● **PROBLEM STATEMENT**
Give back an exact copy of the lines below, from the first through the line with "t) \<le> cmod"; please stop there.
━━━━━━
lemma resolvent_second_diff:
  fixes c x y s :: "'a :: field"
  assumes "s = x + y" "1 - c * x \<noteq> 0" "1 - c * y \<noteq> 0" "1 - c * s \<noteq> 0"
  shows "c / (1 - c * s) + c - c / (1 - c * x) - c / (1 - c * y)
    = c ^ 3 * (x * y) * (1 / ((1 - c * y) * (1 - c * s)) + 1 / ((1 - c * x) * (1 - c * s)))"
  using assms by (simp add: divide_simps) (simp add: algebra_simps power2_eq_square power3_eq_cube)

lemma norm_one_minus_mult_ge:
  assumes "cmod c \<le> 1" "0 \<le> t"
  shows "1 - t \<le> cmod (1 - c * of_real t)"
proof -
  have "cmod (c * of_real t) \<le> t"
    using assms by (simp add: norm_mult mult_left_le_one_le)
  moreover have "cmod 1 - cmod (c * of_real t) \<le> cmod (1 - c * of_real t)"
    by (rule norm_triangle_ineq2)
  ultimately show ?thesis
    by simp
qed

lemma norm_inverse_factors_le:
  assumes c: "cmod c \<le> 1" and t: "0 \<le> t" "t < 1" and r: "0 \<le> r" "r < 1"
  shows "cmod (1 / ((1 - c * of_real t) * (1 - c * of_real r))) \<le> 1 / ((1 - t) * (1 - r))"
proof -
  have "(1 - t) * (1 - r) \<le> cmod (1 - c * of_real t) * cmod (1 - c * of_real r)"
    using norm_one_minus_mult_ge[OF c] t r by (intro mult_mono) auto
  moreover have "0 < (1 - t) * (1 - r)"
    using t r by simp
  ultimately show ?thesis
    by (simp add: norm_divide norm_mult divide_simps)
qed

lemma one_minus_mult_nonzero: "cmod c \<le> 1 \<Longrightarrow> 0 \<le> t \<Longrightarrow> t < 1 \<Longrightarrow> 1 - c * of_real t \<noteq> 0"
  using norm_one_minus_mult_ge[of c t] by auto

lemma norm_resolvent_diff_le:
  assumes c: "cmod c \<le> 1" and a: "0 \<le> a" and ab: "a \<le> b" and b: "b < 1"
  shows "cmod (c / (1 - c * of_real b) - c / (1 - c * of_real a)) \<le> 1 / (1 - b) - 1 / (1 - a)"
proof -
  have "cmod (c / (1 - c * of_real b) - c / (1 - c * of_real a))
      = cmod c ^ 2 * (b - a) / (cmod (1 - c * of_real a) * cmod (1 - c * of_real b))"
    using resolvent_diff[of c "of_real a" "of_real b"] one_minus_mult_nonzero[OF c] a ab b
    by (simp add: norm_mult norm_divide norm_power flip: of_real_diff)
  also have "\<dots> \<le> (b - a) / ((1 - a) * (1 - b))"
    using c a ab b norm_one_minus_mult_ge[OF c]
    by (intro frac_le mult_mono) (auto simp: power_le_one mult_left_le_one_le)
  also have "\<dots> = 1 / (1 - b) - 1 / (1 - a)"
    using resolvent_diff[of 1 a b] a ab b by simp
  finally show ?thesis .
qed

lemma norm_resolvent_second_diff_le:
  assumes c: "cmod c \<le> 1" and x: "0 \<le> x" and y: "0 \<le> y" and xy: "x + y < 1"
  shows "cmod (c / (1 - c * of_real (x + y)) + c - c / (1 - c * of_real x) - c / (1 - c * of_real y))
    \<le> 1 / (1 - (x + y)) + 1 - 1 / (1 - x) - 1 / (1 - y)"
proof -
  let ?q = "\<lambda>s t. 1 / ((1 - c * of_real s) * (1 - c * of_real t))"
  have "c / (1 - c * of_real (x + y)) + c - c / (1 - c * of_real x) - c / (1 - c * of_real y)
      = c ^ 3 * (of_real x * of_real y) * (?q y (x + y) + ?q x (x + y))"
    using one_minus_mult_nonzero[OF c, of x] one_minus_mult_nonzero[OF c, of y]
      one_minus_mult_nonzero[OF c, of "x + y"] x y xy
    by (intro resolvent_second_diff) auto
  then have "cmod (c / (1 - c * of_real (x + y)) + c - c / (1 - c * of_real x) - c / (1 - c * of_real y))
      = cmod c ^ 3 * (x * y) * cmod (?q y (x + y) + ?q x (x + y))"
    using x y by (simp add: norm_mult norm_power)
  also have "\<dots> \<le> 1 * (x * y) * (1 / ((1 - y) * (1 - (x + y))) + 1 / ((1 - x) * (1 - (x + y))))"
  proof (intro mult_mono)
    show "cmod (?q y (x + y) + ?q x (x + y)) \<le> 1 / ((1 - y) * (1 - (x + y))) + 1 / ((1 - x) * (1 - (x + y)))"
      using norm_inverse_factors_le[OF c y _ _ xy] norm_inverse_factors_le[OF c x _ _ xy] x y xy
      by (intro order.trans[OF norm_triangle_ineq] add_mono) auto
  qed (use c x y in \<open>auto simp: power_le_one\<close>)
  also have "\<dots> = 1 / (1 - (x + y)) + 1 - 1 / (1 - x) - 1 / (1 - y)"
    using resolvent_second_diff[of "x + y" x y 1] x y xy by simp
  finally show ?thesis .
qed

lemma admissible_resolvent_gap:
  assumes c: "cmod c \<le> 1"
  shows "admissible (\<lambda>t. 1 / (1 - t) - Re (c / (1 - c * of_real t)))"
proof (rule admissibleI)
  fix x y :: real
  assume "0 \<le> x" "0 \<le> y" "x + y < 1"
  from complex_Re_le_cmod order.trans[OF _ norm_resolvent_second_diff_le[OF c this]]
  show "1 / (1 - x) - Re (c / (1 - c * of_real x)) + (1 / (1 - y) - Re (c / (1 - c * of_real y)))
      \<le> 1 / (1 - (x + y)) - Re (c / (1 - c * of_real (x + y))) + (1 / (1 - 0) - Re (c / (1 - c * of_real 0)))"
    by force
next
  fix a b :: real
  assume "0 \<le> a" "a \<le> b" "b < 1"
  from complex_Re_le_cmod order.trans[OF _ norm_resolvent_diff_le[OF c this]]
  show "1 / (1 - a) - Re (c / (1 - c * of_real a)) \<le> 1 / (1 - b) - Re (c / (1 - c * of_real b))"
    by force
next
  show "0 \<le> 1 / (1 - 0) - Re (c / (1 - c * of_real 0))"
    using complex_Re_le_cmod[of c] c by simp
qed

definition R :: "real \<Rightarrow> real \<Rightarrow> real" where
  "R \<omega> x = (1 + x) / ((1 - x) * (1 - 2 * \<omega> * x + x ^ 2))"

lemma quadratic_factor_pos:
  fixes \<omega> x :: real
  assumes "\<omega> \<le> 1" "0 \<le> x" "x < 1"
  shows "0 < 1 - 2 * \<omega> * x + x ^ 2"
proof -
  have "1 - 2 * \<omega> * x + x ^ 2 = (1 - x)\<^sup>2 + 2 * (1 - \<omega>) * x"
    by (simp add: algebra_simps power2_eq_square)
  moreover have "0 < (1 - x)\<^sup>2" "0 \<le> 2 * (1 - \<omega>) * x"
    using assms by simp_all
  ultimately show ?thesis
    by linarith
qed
━━━━━━
● **EXERCISE OUTPUT**
lemma resolvent_second_diff:
  fixes c x y s :: "'a :: field"
  assumes "s = x + y" "1 - c * x \<noteq> 0" "1 - c * y \<noteq> 0" "1 - c * s \<noteq> 0"
  shows "c / (1 - c * s) + c - c / (1 - c * x) - c / (1 - c * y)
    = c ^ 3 * (x * y) * (1 / ((1 - c * y) * (1 - c * s)) + 1 / ((1 - c * x) * (1 - c * s)))"
  using assms by (simp add: divide_simps) (simp add: algebra_simps power2_eq_square power3_eq_cube)

lemma norm_one_minus_mult_ge:
  assumes "cmod c \<le> 1" "0 \<le> t"
  shows "1 - t \<le> cmod (1 - c * of_real t)"
proof -
  have "cmod (c * of_real t) \<le> t"
    using assms by (simp add: norm_mult mult_left_le_one_le)
  moreover have "cmod 1 - cmod (c * of_real t) \<le> cmod (1 - c * of_real t)"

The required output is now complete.